IVC’s ability to detect close-by Indels compared to the other methods is apparent in Table 1. Even at 50×, IVC’s recall rate of Indels was 4–5% higher than that of the other methods. To analyze IVC’s ability to detect these Indels more carefully, we separate them into two main groups, G50 and G100, based on the percentage of known close-by Indels within 30 bp that IVC was informed, 50 and 100%, respectively. Figure 2 shows the numbers of true positives and false negatives of Indels in each of the three groups, for all four methods (AT was eliminated from this experiment due to its too low recall). First, we see that the ratio between true positives and false negatives of UG, HC and ST are, respectively, similar in all groups. This makes sense because these tools are not informed of close-by Indels. Second, the more IVC is informed of close-by Indels, the more likely it is able to detect Indels correctly. In particular, when IVC is totally informed of close-by Indels (G100), the number of true positives and false negatives increased and decreased significantly, respectively, compared to the others. One notice in this experiment is that the numbers of Indels in those groups are non-uniformly distributed. This characteristic of the data caused by our strategy of randomly selecting known/unknown variants for both SNPs and Indels for whole evaluation, not for only this one. Nevertheless, this result could show the advantage of leveraging known information of close-by Indels.
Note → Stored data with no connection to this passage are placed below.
text \<open>Two decreasing rows of length k partitioning {1..2k}; the column condition t_i < b_i
  is deliberately not assumed, since it is exactly what the Dyck condition will encode.\<close>
locale two_row_array =
  fixes k :: nat and b t :: "nat list"
  assumes len_b: "length b = k" and len_t: "length t = k"
    and rows_cover: "set b \<union> set t = {1..2*k}"
    and dec_b: "sorted_wrt (>) b" and dec_t: "sorted_wrt (>) t"
begin

lemma rows_disjoint: "set b \<inter> set t = {}"
proof -
  have "card (set b) = k" "card (set t) = k"
    using sorted_gt_distinct[OF dec_b] sorted_gt_distinct[OF dec_t] len_b len_t
    by (simp_all add: distinct_card)
  moreover have "card (set b) + card (set t) = card (set b \<union> set t) + card (set b \<inter> set t)"
    by (rule card_Un_Int) auto
  ultimately have "card (set b \<inter> set t) = 0" using rows_cover by simp
  then show ?thesis by simp
qed

lemma mem_b_iff: "u \<in> set b \<longleftrightarrow> u \<in> {1..2*k} \<and> u \<notin> set t"
  using rows_cover rows_disjoint by blast

lemma set_t_range: "set t \<subseteq> {1..2*k}"
  using rows_cover by blast

lemma b_range: "i < k \<Longrightarrow> b ! i \<in> {1..2*k}"
  using rows_cover len_b by (metis UnI1 nth_mem)

lemma t_range: "i < k \<Longrightarrow> t ! i \<in> {1..2*k}"
  using set_t_range len_t by (metis nth_mem subsetD)

lemma b_le_iff: "j < k \<Longrightarrow> b ! j \<le> m \<longleftrightarrow> k - card {i. i < k \<and> b ! i \<le> m} \<le> j"
  using decreasing_count_iff[OF dec_b, of "\<lambda>z. z \<le> m"] len_b by simp

lemma t_le_iff: "j < k \<Longrightarrow> t ! j \<le> m \<longleftrightarrow> k - card {i. i < k \<and> t ! i \<le> m} \<le> j"
  using decreasing_count_iff[OF dec_t, of "\<lambda>z. z \<le> m"] len_t by simp

lemma t_less_iff: "j < k \<Longrightarrow> t ! j < m \<longleftrightarrow> k - card {i. i < k \<and> t ! i < m} \<le> j"
  using decreasing_count_iff[OF dec_t, of "\<lambda>z. z < m"] len_t by simp

lemma card_indices_le: "card {i. i < k \<and> P i} \<le> k"
  by (rule order_trans[OF card_mono[of "{..<k}"]]) auto

lemma lpoint_top_row_path:
  assumes n: "n \<le> 2 * k"
  shows "lpoint (top_row_path k t) n =
         (card {i. i < k \<and> b ! i \<le> n}, card {i. i < k \<and> t ! i \<le> n})"
proof -
  have prefix: "take n (top_row_path k t) = map (\<lambda>m. Suc m \<in> set t) [0..<n]"
    using n by (simp add: top_row_path_def take_map)
  have east: "{u \<in> set b. u \<le> n} = Suc ` {m. m < n \<and> Suc m \<notin> set t}"
  proof (rule set_eqI)
    fix u show "u \<in> {u \<in> set b. u \<le> n} \<longleftrightarrow> u \<in> Suc ` {m. m < n \<and> Suc m \<notin> set t}"
      using n by (cases u) (auto simp: mem_b_iff)
  qed
  have north: "{u \<in> set t. u \<le> n} = Suc ` {m. m < n \<and> Suc m \<in> set t}"
  proof (rule set_eqI)
    fix u show "u \<in> {u \<in> set t. u \<le> n} \<longleftrightarrow> u \<in> Suc ` {m. m < n \<and> Suc m \<in> set t}"
      using n set_t_range by (cases u) auto
  qed
  have "length (filter Not (take n (top_row_path k t))) = card {u \<in> set b. u \<le> n}"
    unfolding prefix east
    by (simp add: filter_map comp_def length_filter_conv_card card_image cong: conj_cong)
  moreover have "length (filter id (take n (top_row_path k t))) = card {u \<in> set t. u \<le> n}"
    unfolding prefix north
    by (simp add: filter_map comp_def length_filter_conv_card card_image cong: conj_cong)
  ultimately show ?thesis
    using card_set_filter[OF sorted_gt_distinct[OF dec_b]]
      card_set_filter[OF sorted_gt_distinct[OF dec_t]] len_b len_t
    by (simp add: lpoint_def)
qed

lemma columns_imp_ballot:
  assumes columns: "\<forall>i<k. t ! i < b ! i"
  shows "card {i. i < k \<and> b ! i \<le> m} \<le> card {i. i < k \<and> t ! i \<le> m}"
proof -
  define e where "e = card {i. i < k \<and> b ! i \<le> m}"
  have "e \<le> k" unfolding e_def by (rule card_indices_le)
  show ?thesis
  proof (cases "e = 0")
    case False
    then have j: "k - e < k" using \<open>e \<le> k\<close> by simp
    then have "b ! (k - e) \<le> m" using b_le_iff by (simp add: e_def)
    then have "t ! (k - e) \<le> m" using columns j by (meson less_imp_le order_trans)
    then have "k - card {i. i < k \<and> t ! i \<le> m} \<le> k - e" using t_le_iff j by blast
    then show ?thesis
      using \<open>e \<le> k\<close> card_indices_le[of "\<lambda>i. t ! i \<le> m"] by (simp add: e_def)
  qed (simp add: e_def[symmetric])
qed

text \<open>Conversely the ballot condition forces t_j < b_j: apply it at m = b_j.\<close>
lemma ballot_imp_columns:
  assumes ballot: "\<forall>m\<le>2*k. card {i. i < k \<and> b ! i \<le> m} \<le> card {i. i < k \<and> t ! i \<le> m}"
  shows "\<forall>i<k. t ! i < b ! i"
proof (intro allI impI)
  fix j assume j: "j < k"
  have "k - card {i. i < k \<and> b ! i \<le> b ! j} \<le> j" using b_le_iff[OF j, of "b ! j"] by simp
  moreover have "card {i. i < k \<and> b ! i \<le> b ! j} \<le> card {i. i < k \<and> t ! i \<le> b ! j}"
    using ballot b_range[OF j] by simp
  ultimately have "t ! j \<le> b ! j" using t_le_iff[OF j, of "b ! j"] by simp
  moreover have "t ! j \<noteq> b ! j"
    using rows_disjoint len_b len_t j by (metis disjoint_iff nth_mem)
  ultimately show "t ! j < b ! j" by simp
qed

text \<open>The path ends at (k, k).\<close>
lemma card_all_entries:
  "card {i. i < k \<and> b ! i \<le> 2 * k} = k" "card {i. i < k \<and> t ! i \<le> 2 * k} = k"
proof -
  have "{i. i < k \<and> b ! i \<le> 2 * k} = {..<k}" "{i. i < k \<and> t ! i \<le> 2 * k} = {..<k}"
    using b_range t_range by auto
  then show "card {i. i < k \<and> b ! i \<le> 2 * k} = k" "card {i. i < k \<and> t ! i \<le> 2 * k} = k"
    by simp_all
qed

lemma dyck_iff_columns: "top_row_path k t \<in> dyck_paths k \<longleftrightarrow> (\<forall>i<k. t ! i < b ! i)"
proof
  assume "top_row_path k t \<in> dyck_paths k"
  then have "\<forall>m\<le>2*k. fst (lpoint (top_row_path k t) m) \<le> snd (lpoint (top_row_path k t) m)"
    by (simp add: dyck_paths_def)
  then show "\<forall>i<k. t ! i < b ! i"
    using lpoint_top_row_path by (intro ballot_imp_columns) simp
next
  assume "\<forall>i<k. t ! i < b ! i"
  then show "top_row_path k t \<in> dyck_paths k"
    using columns_imp_ballot
    by (simp add: dyck_paths_def lpoint_top_row_path card_all_entries)
qed

lemma east_step_iff: "n < 2 * k \<Longrightarrow> \<not> top_row_path k t ! n \<longleftrightarrow> (\<exists>j<k. b ! j = Suc n)"
proof -
  assume "n < 2 * k"
  then have "\<not> top_row_path k t ! n \<longleftrightarrow> Suc n \<in> set b"
    by (simp add: top_row_path_def mem_b_iff)
  then show ?thesis using len_b by (auto simp: in_set_conv_nth)
qed

lemma lpoint_before_east:
  assumes j: "j < k"
  shows "lpoint (top_row_path k t) (b ! j - 1) = (k - Suc j, card {i. i < k \<and> t ! i < b ! j})"
proof -
  have bj: "1 \<le> b ! j" "b ! j \<le> 2 * k" using b_range[OF j] by auto
  have "b ! i < b ! j \<longleftrightarrow> j < i" if "i < k" for i
    using dec_b len_b j that by (metis linorder_neqE_nat not_less_iff_gr_or_eq sorted_wrt_nth_less)
  then have "{i. i < k \<and> b ! i < b ! j} = {Suc j..<k}" by auto
  moreover have "{i. i < k \<and> b ! i \<le> b ! j - 1} = {i. i < k \<and> b ! i < b ! j}" using bj by auto
  ultimately have "{i. i < k \<and> b ! i \<le> b ! j - 1} = {Suc j..<k}" by simp
  moreover have "{i. i < k \<and> t ! i \<le> b ! j - 1} = {i. i < k \<and> t ! i < b ! j}" using bj by auto
  ultimately show ?thesis using lpoint_top_row_path[of "b ! j - 1"] bj by simp
qed

lemma cell_of_cross_pair:
  assumes "(i, j) \<in> cross_pairs b t"
  shows "(k - Suc j, k - Suc i) \<in> area_cells (top_row_path k t)"
proof -
  have ij: "i < j" "j < k" "t ! i < b ! j" using assms len_b by (auto simp: cross_pairs_def)
  define n where "n = b ! j - 1"
  have bj: "1 \<le> b ! j" "b ! j \<le> 2 * k" using b_range[OF ij(2)] by auto
  then have n: "n < 2 * k" "\<not> top_row_path k t ! n"
    using east_step_iff ij(2) by (auto simp: n_def)
  have "k - card {i. i < k \<and> t ! i < b ! j} \<le> i" using t_less_iff ij by simp
  then show ?thesis
    using n ij lpoint_before_east[OF ij(2)] unfolding area_cells_def n_def by force
qed

lemma cross_pair_of_cell:
  assumes "(x, y) \<in> area_cells (top_row_path k t)"
  shows "\<exists>i j. (i, j) \<in> cross_pairs b t \<and> x = k - Suc j \<and> y = k - Suc i"
proof -
  obtain n where n: "n < 2 * k" "\<not> top_row_path k t ! n" "x = fst (lpoint (top_row_path k t) n)"
      "x < y" "y < snd (lpoint (top_row_path k t) n)"
    using assms by (auto simp: area_cells_def)
  obtain j where j: "j < k" "b ! j = Suc n" using east_step_iff n by auto
  let ?c = "card {i. i < k \<and> t ! i < b ! j}"
  have xy: "x = k - Suc j" "y < ?c"
    using n lpoint_before_east[OF j(1)] j by auto
  have "?c \<le> k" by (rule card_indices_le)
  define i where "i = k - Suc y"
  have "i < j" "i < k" using xy n(4) \<open>?c \<le> k\<close> by (auto simp: i_def)
  moreover have "t ! i < b ! j" using t_less_iff[OF \<open>i < k\<close>] xy \<open>?c \<le> k\<close> by (simp add: i_def)
  ultimately have "(i, j) \<in> cross_pairs b t" using j(1) len_b by (simp add: cross_pairs_def)
  moreover have "y = k - Suc i" using xy \<open>?c \<le> k\<close> by (simp add: i_def)
  ultimately show ?thesis using xy by blast
qed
3.3 Leveraging known variants to detect variants from Platinum Genomes data
In this section, we compared the ability of detecting variants between IVC and other methods on real data. To accomplish this, we used sequencing reads from human sample NA12878 provided by Illumina Platinum Genomes Project (dataset ERR194147, sequenced at 50×). We used variants from the 1KGP data (Phase 1) (1000 Genomes Project Consortium, 2012) as the known variant profile for IVC. Since this variant dataset does not include the NA12878 individual, the experiment is meant to show how IVC exploits known variants from population to detect variants for a new individual. We also used dbSNP (build 142) (Wheeler et al., 2007) as the known variant profile to investigate more about IVC’s ability of leveraging known information in calling variants. To evaluate accuracy of all methods, we used the Genome-In-A-Bottle variant call set [GIAB (Zook et al., 2014)]. GIAB, which integrated 14 datasets from five sequencing technologies, seven read mappers and three variant callers to help minimize bias toward any method, has been used as gold standard for benchmarking variant calls in many studies (Cornish and Guda, 2015; Li, 2015). In this experiment, GATK UnifiedGenotyper and Atlas2 were eliminated because of their inferior performance on simulated data.
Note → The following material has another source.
(* $\mathcal{L}_{\mathsf{SAFA}}\subsetneq\mathcal{L}_{\mathsf{CMA}}$: every data language accepted by a SAFA is accepted by some class memory automaton, and some data language accepted by a class memory automaton is accepted by no SAFA.
   Context: $D$ is a fixed countably infinite set of data values; for a finite alphabet $\Sigma$, data languages are subsets of $(\Sigma\times D)^*$. A set augmented finite automaton (SAFA) is a tuple $M=(Q,\Sigma\times D,q_0,F,H,\delta)$: $Q$ finite set of states, $q_0\in Q$ initial, $F\subseteq Q$ final, $H=\{h_1,\dots,h_m\}$ a finite collection of (names of) sets of data values, $\delta\subseteq Q\times\Sigma\times C\times OP\times Q$ with $C=\{p(h_i),\,!p(h_i)\}$, $OP=\{-\}\cup\{\mathsf{ins}(h_i)\}$. Configurations are $(q,\langle S_1,\dots,S_m\rangle)$, $S_i\subseteq D$ finite; initially state $q_0$ and all sets empty. On reading $(a,d)$, a transition $(q,a,\alpha,op,q')$ from the current state may be taken if $\alpha=p(h_i)$ and $d\in S_i$, or $\alpha=\,!p(h_i)$ and $d\notin S_i$; then the state becomes $q'$ and if $op=\mathsf{ins}(h_j)$, $d$ is added to $S_j$. A word is accepted if some run reads it entirely and ends in $F$; $\mathcal{L}_{\mathsf{SAFA}}$ is the class of languages accepted by SAFA. A class memory automaton (CMA) is a tuple $(Q,\Sigma,\delta,q_0,F_\ell,F_g)$ with finite state set $Q$, initial state $q_0$, accepting sets $F_g\subseteq F_\ell\subseteq Q$, and $\delta\subseteq Q\times\Sigma\times(Q\cup\{\bot\})\times Q$. The automaton records for each data value $d$ the state $f(d)$ it entered the last time it read a position carrying $d$ ($f(d)=\bot$ if $d$ has not been read). On reading $(a,d)$ in state $q$ it may take a transition $(q,a,f(d),q')\in\delta$, after which the state is $q'$ and $f(d):=q'$. A word is accepted if some run reads it entirely, ends in a state of $F_g$, and $f(d)\in F_\ell$ for every data value $d$ occurring in the word. $\mathcal{L}_{\mathsf{CMA}}$ is the class of languages accepted by CMA. *)

theory Defs
  imports Main
begin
To evaluate the methods, we consider their two main groups of called variants: (i) GIAB-Call, called variants that are in the GIAB; and (ii) GP-Call, called variants that are not in the GIAB but are in 1KGP. The two top diagrams of Figure 3 showed the high sensitivity of IVC compared to HC and ST. We could see that IVC called more unique GIAB-variants than the other methods while sharing with them most of variant calls in this group. This result showed that IVC can reduce the number of false negatives. Further, the number of variants shared between IVC and HC is the highest compared to those between IVC and ST as well as those between HC and ST. This was consistent with the high performance of IVC and HC compared to ST with simulated data.
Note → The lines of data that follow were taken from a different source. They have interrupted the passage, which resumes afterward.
(* Let $k$ be a field of characteristic zero, $A_1=k[t,\partial]$ the first Weyl algebra ($\partial t-t\partial=1$), $Q_1$ its quotient division ring, and let $I$ be a non-zero right ideal of $A_1$. Then there exists an element $f\in I$, unique up to multiplication by an element of $k^*$, such that the set of elements of $I$ of minimal $t$-degree (together with $0$) is exactly $f\,k[\partial]$. Likewise, there exists an element $e^*\in I^*$, unique up to multiplication by an element of $k^*$, such that the set of elements of $I^*$ of minimal $t$-degree (together with $0$) is exactly $k[\partial]\,e^*$.
   Context: $I^*$ denotes the dual of $I$ as a left $A_1$-module, identified with $\{u\in Q_1: uI\subseteq A_1\}$. The $t$-degree $\deg_t$ is the degree in $t$ coming from the inclusion $A_1\subset k(\partial)[t]$, extended to $Q_1$ (the quotient division ring of $k(\partial)[t]$) by $\deg_t(ab^{-1})=\deg_t a-\deg_t b$. *)

theory Defs
  imports Main
begin

text \<open>K is a central subfield of characteristic zero, and t, d (for the derivation
  symbol) satisfy d t - t d = 1.  Since the Weyl algebra is simple in
  characteristic zero, the K-subalgebra generated by t and d is a copy of A_1,
  and its division closure is a copy of the quotient division ring Q_1.\<close>

inductive_set ring_cl :: "'a::ring_1 set \<Rightarrow> 'a set" for S where
  rc_base: "x \<in> S \<Longrightarrow> x \<in> ring_cl S"
| rc_one: "1 \<in> ring_cl S"
| rc_add: "x \<in> ring_cl S \<Longrightarrow> y \<in> ring_cl S \<Longrightarrow> x + y \<in> ring_cl S"
| rc_neg: "x \<in> ring_cl S \<Longrightarrow> - x \<in> ring_cl S"
| rc_mult: "x \<in> ring_cl S \<Longrightarrow> y \<in> ring_cl S \<Longrightarrow> x * y \<in> ring_cl S"

inductive_set div_cl :: "'a::division_ring set \<Rightarrow> 'a set" for S where
  dc_base: "x \<in> S \<Longrightarrow> x \<in> div_cl S"
| dc_one: "1 \<in> div_cl S"
| dc_add: "x \<in> div_cl S \<Longrightarrow> y \<in> div_cl S \<Longrightarrow> x + y \<in> div_cl S"
| dc_neg: "x \<in> div_cl S \<Longrightarrow> - x \<in> div_cl S"
| dc_mult: "x \<in> div_cl S \<Longrightarrow> y \<in> div_cl S \<Longrightarrow> x * y \<in> div_cl S"
| dc_inv: "x \<in> div_cl S \<Longrightarrow> inverse x \<in> div_cl S"

definition central_subfield :: "'a::division_ring set \<Rightarrow> bool" where
  "central_subfield K \<longleftrightarrow> 0 \<in> K \<and> 1 \<in> K \<and>
     (\<forall>x\<in>K. \<forall>y\<in>K. x + y \<in> K \<and> x * y \<in> K) \<and>
     (\<forall>x\<in>K. - x \<in> K \<and> inverse x \<in> K) \<and>
     (\<forall>c\<in>K. \<forall>x. c * x = x * c)"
The two bottom diagrams of Figure 3 showed another important result, which confirmed the advantage of exploiting known variants by IVC to detect variants. We could see that IVC called much more unique variants that are in 1KGP data, especially Indels, than the other methods. We got ∼9 times more unique GP-Call-SNPs and ∼20 times more unique GP-Call-Indels than the others’. Interestingly, while IVC shared the most number of SNPs with HC, it shared the most number of Indels with ST, compared to the number of sharing variants between all two methods.
For the called variants that are neither in the GIAB dataset nor in the 1KGP data, we found that the agreement between IVC, HC and ST were too low compared to two above groups (∼3100 shared calls for SNP calling and ∼3300 shared calls for Indel calling). In particular, for Indel calling, each method called ∼4000 to 4500 unique variants, which were even more than the common calls. There might be many false positives in such callset of each method, which are worth for further analyses.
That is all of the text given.